Re: [LSF/MM/BPF TOPIC] Unifying sources of page temperature information - what info is actually wanted?
From: Johannes Weiner
Date: Wed Feb 05 2025 - 11:06:36 EST
On Wed, Feb 05, 2025 at 11:54:05AM +0530, Bharata B Rao wrote:
> On 31-Jan-25 6:39 PM, Jonathan Cameron wrote:
> > On Fri, 31 Jan 2025 12:28:03 +0000
> > Jonathan Cameron <Jonathan.Cameron@xxxxxxxxxx> wrote:
> >
> >>> Here is the list of potential discussion points:
> >> ...
> >>
> >>> 2. Possibility of maintaining single source of truth for page hotness that would
> >>> maintain hot page information from multiple sources and let other sub-systems
> >>> use that info.
> >> Hi,
> >>
> >> I was thinking of proposing a separate topic on a single source of hotness,
> >> but this question covers it so I'll add some thoughts here instead.
> >> I think we are very early, but sharing some experience and thoughts in a
> >> session may be useful.
> >
> > Thinking more on this over lunch, I think it is worth calling this out as a
> > potential session topic in it's own right rather than trying to find
> > time within other sessions. Hence the title change.
> >
> > I think a session would start with a brief listing of the temperature sources
> > we have and those on the horizon to motivate what we are unifying, then
> > discussion to focus on need for such a unification + requirements
> > (maybe with a straw man).
>
> Here is a compilation of available temperature sources and how the
> hot/access data is consumed by different subsystems:
This is super useful, thanks for collecting this.
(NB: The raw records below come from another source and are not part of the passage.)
lemma wf_picture_wires_closed:
  assumes "wf_picture R P"
  shows "wires_closed P"
  unfolding wires_closed_def
proof (intro ballI allI impI)
  fix s t j
  assume "s \<in> srcs P" and "link P s = TTop t j"
  moreover have "bij_betw (link P) (srcs P) (tgts P)"
    using assms unfolding wf_picture_def by blast
  ultimately have "TTop t j \<in> tgts P" using bij_betwE by metis
  then show "t \<in> trs P" unfolding tgts_def by simp
qed

lemma trs_del_tr [simp]: "trs (del_tr P T) = trs P - {T}"
  unfolding del_tr_def Let_def by simp

lemma srcs_del_tr: "srcs (del_tr P T) = srcs P - range (TBot T)"
  unfolding srcs_def del_tr_def Let_def by auto

lemma wires_closed_del_tr: "wires_closed P \<Longrightarrow> wires_closed (del_tr P T)"
  unfolding wires_closed_def srcs_del_tr
  by (auto simp: del_tr_def Let_def split: tgt.splits if_splits)

lemma map_src_comp: "map_src (g \<circ> f) s = map_src g (map_src f s)"
  by (cases s) auto

lemma map_tgt_comp: "map_tgt (g \<circ> f) x = map_tgt g (map_tgt f x)"
  by (cases x) auto

lemma map_src_id: "map_src id s = s"
  by (cases s) auto

lemma map_tgt_id: "map_tgt id x = x"
  by (cases x) auto

lemma map_src_in_srcs:
  assumes "picture_iso f P Q" and "s \<in> srcs P"
  shows "map_src f s \<in> srcs Q"
  using assms unfolding picture_iso_def srcs_def bij_betw_def by auto

lemma picture_iso_id: "picture_iso id P P"
  unfolding picture_iso_def by (simp add: map_src_id map_tgt_id)

lemma picture_iso_comp:
  assumes f: "picture_iso f P Q" and g: "picture_iso g Q S"
  shows "picture_iso (g \<circ> f) P S"
  unfolding picture_iso_def
proof (intro conjI ballI)
  show "bij_betw (g \<circ> f) (trs P) (trs S)"
    using f g unfolding picture_iso_def by (blast intro: bij_betw_trans)
  show "ptop P = ptop S" "pbot P = pbot S"
    using f g unfolding picture_iso_def by simp_all
next
  fix t assume "t \<in> trs P"
  moreover have "f t \<in> trs Q"
    using f \<open>t \<in> trs P\<close> unfolding picture_iso_def bij_betw_def by blast
  ultimately show "trtop S ((g \<circ> f) t) = trtop P t" "trbot S ((g \<circ> f) t) = trbot P t"
    using f g unfolding picture_iso_def by auto
next
  fix s assume "s \<in> srcs P"
  moreover have "map_src f s \<in> srcs Q" using map_src_in_srcs[OF f] \<open>s \<in> srcs P\<close> .
  ultimately show "link S (map_src (g \<circ> f) s) = map_tgt (g \<circ> f) (link P s)"
    using f g unfolding picture_iso_def by (simp add: map_src_comp map_tgt_comp)
qed

lemma picture_iso_inv:
  assumes f: "picture_iso f P Q" and closed: "wires_closed P"
  shows "picture_iso (inv_into (trs P) f) Q P"
proof -
  define g where "g = inv_into (trs P) f"
  have bij: "bij_betw f (trs P) (trs Q)" using f unfolding picture_iso_def by blast
  have g_bij: "bij_betw g (trs Q) (trs P)"
    unfolding g_def using bij by (rule bij_betw_inv_into)
  have fg: "f (g t) = t" if "t \<in> trs Q" for t
    unfolding g_def using bij that by (meson bij_betw_inv_into_right)
  have gf: "g (f t) = t" if "t \<in> trs P" for t
    unfolding g_def using bij that by (meson bij_betw_inv_into_left)
  have g_trs: "g t \<in> trs P" if "t \<in> trs Q" for t
    using g_bij that bij_betwE by blast
  have "picture_iso g Q P"
    unfolding picture_iso_def
  proof (intro conjI ballI)
    show "bij_betw g (trs Q) (trs P)" by (rule g_bij)
    show "ptop Q = ptop P" "pbot Q = pbot P" using f unfolding picture_iso_def by simp_all
  next
    fix t assume "t \<in> trs Q"
    then show "trtop P (g t) = trtop Q t" "trbot P (g t) = trbot Q t"
      using f g_trs fg unfolding picture_iso_def by metis+
  next
    fix s assume s: "s \<in> srcs Q"
    have s': "map_src g s \<in> srcs P"
      using s g_trs fg f unfolding srcs_def picture_iso_def by force
    have "map_src f (map_src g s) = s"
      using s fg unfolding srcs_def by auto
    then have "link Q s = map_tgt f (link P (map_src g s))"
      using f s' unfolding picture_iso_def by metis
    moreover have "map_tgt g (map_tgt f (link P (map_src g s))) = link P (map_src g s)"
      using closed s' gf unfolding wires_closed_def by (cases "link P (map_src g s)") auto
    ultimately show "link P (map_src g s) = map_tgt g (link Q s)" by simp
  qed
  then show ?thesis unfolding g_def .
qed
lemma tensor_class_in_K_T:
  assumes "\<sigma> \<in> Sym_part n A" "\<forall>(w, p)\<in>set ds. Poly_Mapping.keys w \<subseteq> {..<d}"
  shows "tensor_class n A ds \<sigma> \<in> K_T d"
  unfolding tensor_class_def
  by (rule schar_in_K_T[OF tens_graded_rep[OF assms(2)]]) (simp add: tens_rho_eq koszul_def)

lemma bij_betw_image_odd_blocks:
  assumes \<sigma>: "\<sigma> \<in> Sym_part n A" and "U \<subseteq> A" and U: "\<forall>B\<in>U. \<sigma> ` B \<in> U"
    and f: "\<And>B. B \<in> U \<Longrightarrow> f (\<sigma> ` B) = f B"
  shows "bij_betw ((`) \<sigma>) (odd_blocks U ds f) (odd_blocks U ds f)"
proof -
  have "odd_blocks U ds f \<subseteq> A" using \<open>U \<subseteq> A\<close> by (auto simp: odd_blocks_def)
  then have inj: "inj_on ((`) \<sigma>) (odd_blocks U ds f)"
    using bij_betw_image_blocks[OF \<sigma>] by (auto simp: bij_betw_def intro: inj_on_subset)
  moreover have "(`) \<sigma> ` odd_blocks U ds f = odd_blocks U ds f"
    using finite_subset[OF \<open>U \<subseteq> A\<close> finite_blocks] U f
    by (intro endo_inj_surj[OF _ _ inj]) (auto simp: odd_blocks_def)
  ultimately show ?thesis by (simp add: bij_betw_def)
qed

lemma fixed_term_Un:
  assumes \<sigma>: "\<sigma> \<in> Sym_part n A" and "U \<subseteq> A" "V \<subseteq> A" "U \<inter> V = {}"
    and U: "\<forall>B\<in>U. \<sigma> ` B \<in> U" and V: "\<forall>B\<in>V. \<sigma> ` B \<in> V"
    and f: "f \<in> fixed_colourings \<sigma> L (U \<union> V)"
  shows "fixed_term ds \<sigma> (U \<union> V) f = fixed_term ds \<sigma> U (restrict f U) * fixed_term ds \<sigma> V (restrict f V)"
proof -
  define Y1 where "Y1 = odd_blocks U ds f"
  define Y2 where "Y2 = odd_blocks V ds f"
  have "finite U" "finite V" using assms(2,3) finite_blocks finite_subset by auto
  then have fin: "finite U" "finite V" "finite Y1" "finite Y2"
    by (simp_all add: Y1_def Y2_def odd_blocks_def)
  have disj: "Y1 \<inter> Y2 = {}" using \<open>U \<inter> V = {}\<close> by (auto simp: Y1_def Y2_def odd_blocks_def)
  have fU: "f (\<sigma> ` B) = f B" if "B \<in> U \<union> V" for B
    using f that by (simp add: fixed_colourings_def)
  have "bij_betw ((`) \<sigma>) Y1 Y1" "bij_betw ((`) \<sigma>) Y2 Y2"
    unfolding Y1_def Y2_def using assms(2,3) U V fU
    by (auto intro!: bij_betw_image_odd_blocks[OF \<sigma>])
  moreover have "inj_on Min (Y1 \<union> Y2)"
    using assms(2,3) by (intro inj_on_subset[OF inj_on_Min_blocks]) (auto simp: Y1_def Y2_def odd_blocks_def)
  ultimately have sign: "(-1::complex) ^ card (inversions Min (\<lambda>B. Min (\<sigma> ` B)) (Y1 \<union> Y2))
      = (-1) ^ card (inversions Min (\<lambda>B. Min (\<sigma> ` B)) Y1) * (-1) ^ card (inversions Min (\<lambda>B. Min (\<sigma> ` B)) Y2)"
    by (rule sign_inversions_Un[OF fin(3,4) disj])
  have "odd_blocks (U \<union> V) ds f = Y1 \<union> Y2" "odd_blocks U ds (restrict f U) = Y1"
    "odd_blocks V ds (restrict f V) = Y2"
    by (auto simp: odd_blocks_def Y1_def Y2_def)
  moreover have "(\<Sum>B\<in>U \<union> V. fst (ds ! f B))
      = (\<Sum>B\<in>U. fst (ds ! restrict f U B)) + (\<Sum>B\<in>V. fst (ds ! restrict f V B))"
    using sum.union_disjoint[OF fin(1,2) \<open>U \<inter> V = {}\<close>] by simp
  ultimately show ?thesis
    using card_Un_disjoint[OF fin(3,4) disj]
    by (simp add: fixed_term_def mult_single sign power_add mult_ac)
qed
(* Let $\pi_1,\dots,\pi_m$ be permutations and $t_1,\dots,t_m$ reals such that $\sum_{i\in[m]}t_iP_{\pi_i}=0$, and let $k=\max\{|\pi_1|,\dots,|\pi_m|\}$. Suppose that $\pi_1,\dots,\pi_n$ are exactly those among $\pi_1,\dots,\pi_m$ that have order $k$. Let $h$ be an integer with $2\le h\le k$ such that each of the remaining permutations $\pi_{n+1},\dots,\pi_m$ has order at most $h-1$. Let $\omega=t_1\pi_1+\dots+t_n\pi_n$. Then $$\mathrm{Cov}(\omega)\,\mathbf{b}_h=(0,\dots,0)^T\quad\text{and}\quad \mathbf{b}_h^T\,\mathrm{Cov}(\omega)=(0,\dots,0).$$
   Context: A $k$-permutation is a bijection of $[k]=\{1,\dots,k\}$; $|\pi|$ denotes the order. The gradient polynomial of a $k$-permutation $\pi$ is $P_\pi(\alpha,\beta)=k!\sum_{m\in[k]}\left(\frac{k-m}{1-\alpha}-\frac{m-1}{\alpha}\right)\left(\frac{k-\pi(m)}{1-\beta}-\frac{\pi(m)-1}{\beta}\right)\frac{\alpha^{m-1}(1-\alpha)^{k-m}\beta^{\pi(m)-1}(1-\beta)^{k-\pi(m)}}{(m-1)!(k-m)!(\pi(m)-1)!(k-\pi(m))!}$. The permutation matrix $A_\pi\in\mathbb{R}^{k\times k}$ has $(A_\pi)_{i,j}=1$ if $\pi(i)=j$ and $0$ otherwise. For a formal real linear combination $\omega=\sum_i t_i\pi_i$ of $k$-permutations, its cover matrix is $\mathrm{Cov}(\omega)=\sum_i t_iA_{\pi_i}\in\mathbb{R}^{k\times k}$. For $a\in[k]$, $\mathbf{b}_a=\mathbf{b}^k_a\in\mathbb{R}^k$ is the column vector with $(\mathbf{b}_a)_\ell=(-1)^{\ell-1}\binom{a-1}{\ell-1}$ for $1\le\ell\le a$ and $0$ for $\ell>a$. *)

theory Defs
  imports "HOL-Analysis.Analysis"
begin

text \<open>A k-permutation is a bijection of [k] = {1..k}; we represent it by its order k
  together with a function f :: nat \<Rightarrow> nat that is a bijection of {1..k}.\<close>

definition is_kperm :: "nat \<Rightarrow> (nat \<Rightarrow> nat) \<Rightarrow> bool" where
  "is_kperm k f \<longleftrightarrow> bij_betw f {1..k} {1..k}"

definition grad_poly :: "nat \<Rightarrow> (nat \<Rightarrow> nat) \<Rightarrow> real \<Rightarrow> real \<Rightarrow> real" where
  "grad_poly k f a b = fact k * (\<Sum>m\<in>{1..k}.
      ((real (k - m)) / (1 - a) - (real (m - 1)) / a) *
      ((real (k - f m)) / (1 - b) - (real (f m - 1)) / b) *
      (a ^ (m - 1) * (1 - a) ^ (k - m) * b ^ (f m - 1) * (1 - b) ^ (k - f m)) /
      (fact (m - 1) * fact (k - m) * fact (f m - 1) * fact (k - f m)))"

definition perm_mat :: "(nat \<Rightarrow> nat) \<Rightarrow> nat \<Rightarrow> nat \<Rightarrow> real" where
  "perm_mat f i j = (if f i = j then 1 else 0)"

text \<open>Cover matrix of omega = sum of t_i pi_i over i in I (all pi_i of the same order).\<close>

definition cover :: "nat set \<Rightarrow> (nat \<Rightarrow> real) \<Rightarrow> (nat \<Rightarrow> nat \<Rightarrow> nat) \<Rightarrow> nat \<Rightarrow> nat \<Rightarrow> real" where
  "cover I t p i j = (\<Sum>l\<in>I. t l * perm_mat (p l) i j)"

definition bvec :: "nat \<Rightarrow> nat \<Rightarrow> real" where
  "bvec a l = (if 1 \<le> l \<and> l \<le> a then (-1) ^ (l - 1) * real ((a - 1) choose (l - 1)) else 0)"

end

(*
  Write B_{k,j} = x^(j-1) (1-x)^(k-j) / ((j-1)! (k-j)!) and D_{k,j} = -B_{k,j}'. Then
  P_pi(a, b) = k! * sum_r D_{k,r}(a) D_{k,pi(r)}(b). Fix a and compare the coefficients of b^(h-2)
  in the vanishing combination: permutations of order below h contribute nothing (deg D_{k,j} = k-2),
  while for order k the coefficient of b^(h-2) in D_{k,j} is a fixed nonzero multiple of (b_h)_j.
  Hence sum_r v_r D_{k,r} = 0 for v = Cov(omega) b_h, i.e. sum_r v_r B_{k,r} is constant. Since the
  B_{k,r} are linearly independent and (k-1)! sum_r B_{k,r} = 1, the vector v is constant; its entries
  add up to (t_1 + ... + t_n) times an alternating sum of binomial coefficients, which is 0, so v = 0.
  Exchanging a and b replaces every permutation by its inverse and Cov(omega) by its transpose,
  which gives b_h^T Cov(omega) = 0.
*)

theory Submission
  imports Defs "HOL-Computational_Algebra.Polynomial"
begin

lemma poly_eq_0_cofinite:
  fixes p :: "'a::{idom,ring_char_0} poly"
  assumes "finite F" and "\<And>x. x \<notin> F \<Longrightarrow> poly p x = 0"
  shows "p = 0"
proof (rule ccontr)
  assume "p \<noteq> 0"
  then have "finite (F \<union> {x. poly p x = 0})"
    using assms(1) poly_roots_finite by blast
  moreover have "F \<union> {x. poly p x = 0} = UNIV"
    using assms(2) by auto
  ultimately show False
    using infinite_UNIV_char_0[where 'a='a] by simp
qed

lemma coeff_one_minus_X_power:
  "coeff ([:1, -1:] ^ N :: 'a::comm_ring_1 poly) i = (-1) ^ i * of_nat (N choose i)"
proof (cases "i \<le> N")
  case True
  then show ?thesis
    by (simp add: coeff_linear_poly_power)
next
  case False
  then have "coeff ([:1, -1:] ^ N :: 'a poly) i = 0"
    by (intro coeff_eq_0 le_less_trans[OF degree_power_le]) simp
  with False show ?thesis
    by (simp add: binomial_eq_0)
qed

text \<open>\<open>fact (k - 1)\<close> times \<open>bernstein_basis k j\<close> is the Bernstein polynomial of degree
  \<open>k - 1\<close> with index \<open>j - 1\<close>; the normalisation is the one occurring in \<open>grad_poly\<close>.\<close>

definition bernstein_basis :: "nat \<Rightarrow> nat \<Rightarrow> real poly" where
  "bernstein_basis k j =
     smult (1 / (fact (j - 1) * fact (k - j))) (monom 1 (j - 1) * [:1, -1:] ^ (k - j))"

definition bernstein_grad :: "nat \<Rightarrow> nat \<Rightarrow> real poly" where
  "bernstein_grad k j = - pderiv (bernstein_basis k j)"

lemma coeff_bernstein_basis:
  "coeff (bernstein_basis k j) s =
     (if s < j - 1 then 0 else (-1) ^ (s - (j - 1)) * real ((k - j) choose (s - (j - 1))))
       / (fact (j - 1) * fact (k - j))"
  by (simp add: bernstein_basis_def coeff_monom_mult coeff_one_minus_X_power)

lemma coeff_bernstein_grad:
  "coeff (bernstein_grad k j) s = - real (Suc s) * coeff (bernstein_basis k j) (Suc s)"
  by (simp add: bernstein_grad_def coeff_pderiv algebra_simps)

lemma poly_bernstein_grad:
  fixes x :: real
  assumes "x \<noteq> 0" "x \<noteq> 1" "1 \<le> j" "j \<le> k"
  shows "poly (bernstein_grad k j) x =
    (real (k - j) / (1 - x) - real (j - 1) / x) * (x ^ (j - 1) * (1 - x) ^ (k - j))
      / (fact (j - 1) * fact (k - j))"
proof -
  let ?B = "monom 1 (j - 1) * [:1, -1:] ^ (k - j) :: real poly"
  let ?c = "real (k - j) / (1 - x) - real (j - 1) / x"
  let ?m = "x ^ (j - 1) * (1 - x) ^ (k - j)"
  have "poly (pderiv ?B) x =
      real (j - 1) * x ^ (j - 1 - 1) * (1 - x) ^ (k - j) - real (k - j) * x ^ (j - 1) * (1 - x) ^ (k - j - 1)"
    by (simp add: pderiv_mult pderiv_power pderiv_monom poly_monom pderiv_pCons algebra_simps)
  also have "\<dots> = - ?c * ?m"
    using assms by (cases "j - 1"; cases "k - j") (auto simp: field_simps)
  finally have "poly (pderiv ?B) x = - ?c * ?m" .
  moreover have "poly (bernstein_grad k j) x = - poly (pderiv ?B) x / (fact (j - 1) * fact (k - j))"
    by (simp add: bernstein_grad_def bernstein_basis_def pderiv_smult)
  ultimately show ?thesis
    by (metis minus_diff_eq mult_minus_left)
qed

lemma coeff_bernstein_grad_eq_0:
  assumes "2 \<le> h" "1 \<le> j" "j \<le> k" "k < h"
  shows "coeff (bernstein_grad k j) (h - 2) = 0"
proof -
  have "Suc (h - 2) = h - 1" and "(k - j) choose (h - 1 - (j - 1)) = 0"
    using assms by simp_all
  then show ?thesis
    by (simp add: coeff_bernstein_grad coeff_bernstein_basis)
qed

lemma coeff_bernstein_grad_eq_bvec:
  assumes "2 \<le> h" "h \<le> k" "1 \<le> j"
  shows "coeff (bernstein_grad k j) (h - 2) = (-1) ^ h / (fact (h - 2) * fact (k - h)) * bvec h j"
proof (cases "j \<le> h")
  case False
  then show ?thesis
    using assms by (simp add: coeff_bernstein_grad coeff_bernstein_basis bvec_def)
next
  case True
  obtain i where j: "j = Suc i"
    using assms by (cases j) auto
  obtain g where h: "h = Suc (Suc g)"
    using assms by (metis add_2_eq_Suc le_Suc_ex)
  obtain e where ie: "Suc g = i + e"
    using True j h by (metis Suc_le_mono le_Suc_ex)
  obtain K where k: "k = h + K"
    using assms le_Suc_ex by blast
  have "coeff (bernstein_basis k j) (Suc g) = (-1) ^ e * real ((e + K) choose e) / (fact i * fact (e + K))"
    using ie by (simp add: coeff_bernstein_basis j h k)
  also have "\<dots> = (-1) ^ e / (fact i * fact e * fact K)"
    by (simp add: binomial_fact)
  finally have grad: "coeff (bernstein_grad k j) (h - 2) = - real (Suc g) * (-1) ^ e / (fact i * fact e * fact K)"
    by (simp add: coeff_bernstein_grad h)
  have bvec: "bvec h j = (-1) ^ i * (fact (Suc g) / (fact i * fact e))"
    using True ie by (simp add: bvec_def j h binomial_fact)
  have "odd (g + i + e)"
    using ie by presburger
  then have sign: "(-1::real) ^ e = - ((-1) ^ g * (-1) ^ i)"
    by (auto simp: minus_one_power_iff)
  show ?thesis
    unfolding grad bvec sign by (simp add: h k field_simps)
qed

lemma sum_bernstein_basis:
  assumes "1 \<le> k"
  shows "(\<Sum>r\<in>{1..k}. smult (fact (k - 1)) (bernstein_basis k r)) = 1"
proof -
  obtain n where k: "k = Suc n"
    using assms by (cases k) auto
  have "(\<Sum>r\<in>{1..k}. smult (fact n) (bernstein_basis k r)) =
      (\<Sum>i\<le>n. smult (fact n) (bernstein_basis k (Suc i)))"
    unfolding k One_nat_def sum.atLeast1_atMost_eq lessThan_Suc_atMost ..
  also have "\<dots> = (\<Sum>i\<le>n. of_nat (n choose i) * [:0, 1:] ^ i * [:1, -1:] ^ (n - i))"
    by (intro sum.cong) (simp_all add: bernstein_basis_def k binomial_fact monom_altdef of_nat_poly)
  also have "\<dots> = ([:0, 1:] + [:1, -1:]) ^ n"
    by (rule binomial_ring[symmetric])
  also have "[:0, 1:] + [:1, -1:] = (1 :: real poly)"
    by (simp add: one_pCons)
  finally show ?thesis
    by (simp add: k)
qed

text \<open>The lowest monomial of \<open>bernstein_basis k r\<close> is \<open>x ^ (r - 1)\<close>, so the basis is
  triangular with respect to monomials.\<close>

lemma bernstein_basis_independent:
  assumes "(\<Sum>r\<in>{1..k}. smult (c r) (bernstein_basis k r)) = 0" and "r \<in> {1..k}"
  shows "c r = 0"
  using assms(2)
proof (induction r rule: less_induct)
  case (less r)
  have "0 = (\<Sum>s\<in>{1..k}. c s * coeff (bernstein_basis k s) (r - 1))"
    using arg_cong[OF assms(1), of "\<lambda>p. coeff p (r - 1)"] by (simp add: coeff_sum)
  also have "\<dots> = (\<Sum>s\<in>{r}. c s * coeff (bernstein_basis k s) (r - 1))"
  proof (rule sum.mono_neutral_right)
    show "\<forall>s\<in>{1..k} - {r}. c s * coeff (bernstein_basis k s) (r - 1) = 0"
    proof
      fix s assume s: "s \<in> {1..k} - {r}"
      show "c s * coeff (bernstein_basis k s) (r - 1) = 0"
      proof (cases "s < r")
        case True
        with s show ?thesis
          using less.IH by simp
      next
        case False
        with s less.prems have "r - 1 < s - 1"
          by auto
        then show ?thesis
          by (simp add: coeff_bernstein_basis)
      qed
    qed
  qed (use less.prems in auto)
  finally show ?case
    by (simp add: coeff_bernstein_basis)
qed

lemma bernstein_grad_combination_eq_0_imp_const:
  fixes c :: "nat \<Rightarrow> real"
  assumes "\<And>a. a \<noteq> 0 \<Longrightarrow> a \<noteq> 1 \<Longrightarrow> (\<Sum>r\<in>{1..k}. c r * poly (bernstein_grad k r) a) = 0"
  shows "\<exists>K. \<forall>r\<in>{1..k}. c r = K"
proof (cases "k = 0")
  case False
  define S where "S = (\<Sum>r\<in>{1..k}. smult (c r) (bernstein_basis k r))"
  have "pderiv S = - (\<Sum>r\<in>{1..k}. smult (c r) (bernstein_grad k r))"
    by (simp add: S_def pderiv_smult bernstein_grad_def sum_negf higher_pderiv_sum[of 1, simplified])
  then have "pderiv S = 0"
    using assms by (intro poly_eq_0_cofinite[of "{0, 1}"]) (auto simp: poly_sum)
  then obtain K where "S = [:K:]"
    using pderiv_iszero by blast
  also have "\<dots> = [:K:] * (\<Sum>r\<in>{1..k}. smult (fact (k - 1)) (bernstein_basis k r))"
    using False sum_bernstein_basis[of k] by simp
  also have "\<dots> = (\<Sum>r\<in>{1..k}. smult (K * fact (k - 1)) (bernstein_basis k r))"
    by (simp add: sum_distrib_left mult.commute)
  finally have "(\<Sum>r\<in>{1..k}. smult (c r - K * fact (k - 1)) (bernstein_basis k r)) = 0"
    by (simp add: S_def smult_diff_left sum_subtractf)
  then have "\<forall>r\<in>{1..k}. c r = K * fact (k - 1)"
    using bernstein_basis_independent[where c = "\<lambda>r. c r - K * fact (k - 1)"] by auto
  then show ?thesis ..
qed simp

lemma is_kperm_apply:
  "is_kperm k f \<Longrightarrow> r \<in> {1..k} \<Longrightarrow> f r \<in> {1..k}"
  unfolding is_kperm_def by (rule bij_betw_apply)

lemma grad_poly_eq_sum_bernstein_grad:
  assumes "is_kperm k f" "a \<noteq> 0" "a \<noteq> 1" "b \<noteq> 0" "b \<noteq> 1"
  shows "grad_poly k f a b =
    fact k * (\<Sum>r\<in>{1..k}. poly (bernstein_grad k r) a * poly (bernstein_grad k (f r)) b)"
  unfolding grad_poly_def
proof (intro arg_cong[where f = "\<lambda>x. fact k * x"] sum.cong refl)
  fix r assume r: "r \<in> {1..k}"
  with assms(1) have "f r \<in> {1..k}"
    by (rule is_kperm_apply)
  with r show "(real (k - r) / (1 - a) - real (r - 1) / a) *
      (real (k - f r) / (1 - b) - real (f r - 1) / b) *
      (a ^ (r - 1) * (1 - a) ^ (k - r) * b ^ (f r - 1) * (1 - b) ^ (k - f r)) /
      (fact (r - 1) * fact (k - r) * fact (f r - 1) * fact (k - f r)) =
      poly (bernstein_grad k r) a * poly (bernstein_grad k (f r)) b"
    using assms by (simp add: poly_bernstein_grad mult_ac)
qed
> PA-Physical address available
> VA-Virtual address available
> AA-Access time available
> NA-accessing Node info available
>
> I have left the slot blank for those which I am not sure about.
> ==================================================
> Temperature PA VA AA NA
> source
> ==================================================
> PROT_NONE faults Y Y Y Y
> --------------------------------------------------
> folio_mark_accessed() Y Y Y
> --------------------------------------------------
For fma(), the VA info is available in unmap, but usually it isn't -
or doesn't meaningfully exist, as in the case of unmapped buffered IO.
I'd say it's an N.
> PTE A bit Y Y N N
> --------------------------------------------------
> Platform hints Y Y Y Y
> (AMD IBS)
> --------------------------------------------------
> Device hints Y
> (CXL HMU)
> ==================================================
For the following table, it might be useful to add *when* the source
produces this information. Sampling frequency is a likely challenge:
consumers have different requirements, and overhead should be limited
to the minimum required to serve enabled consumers.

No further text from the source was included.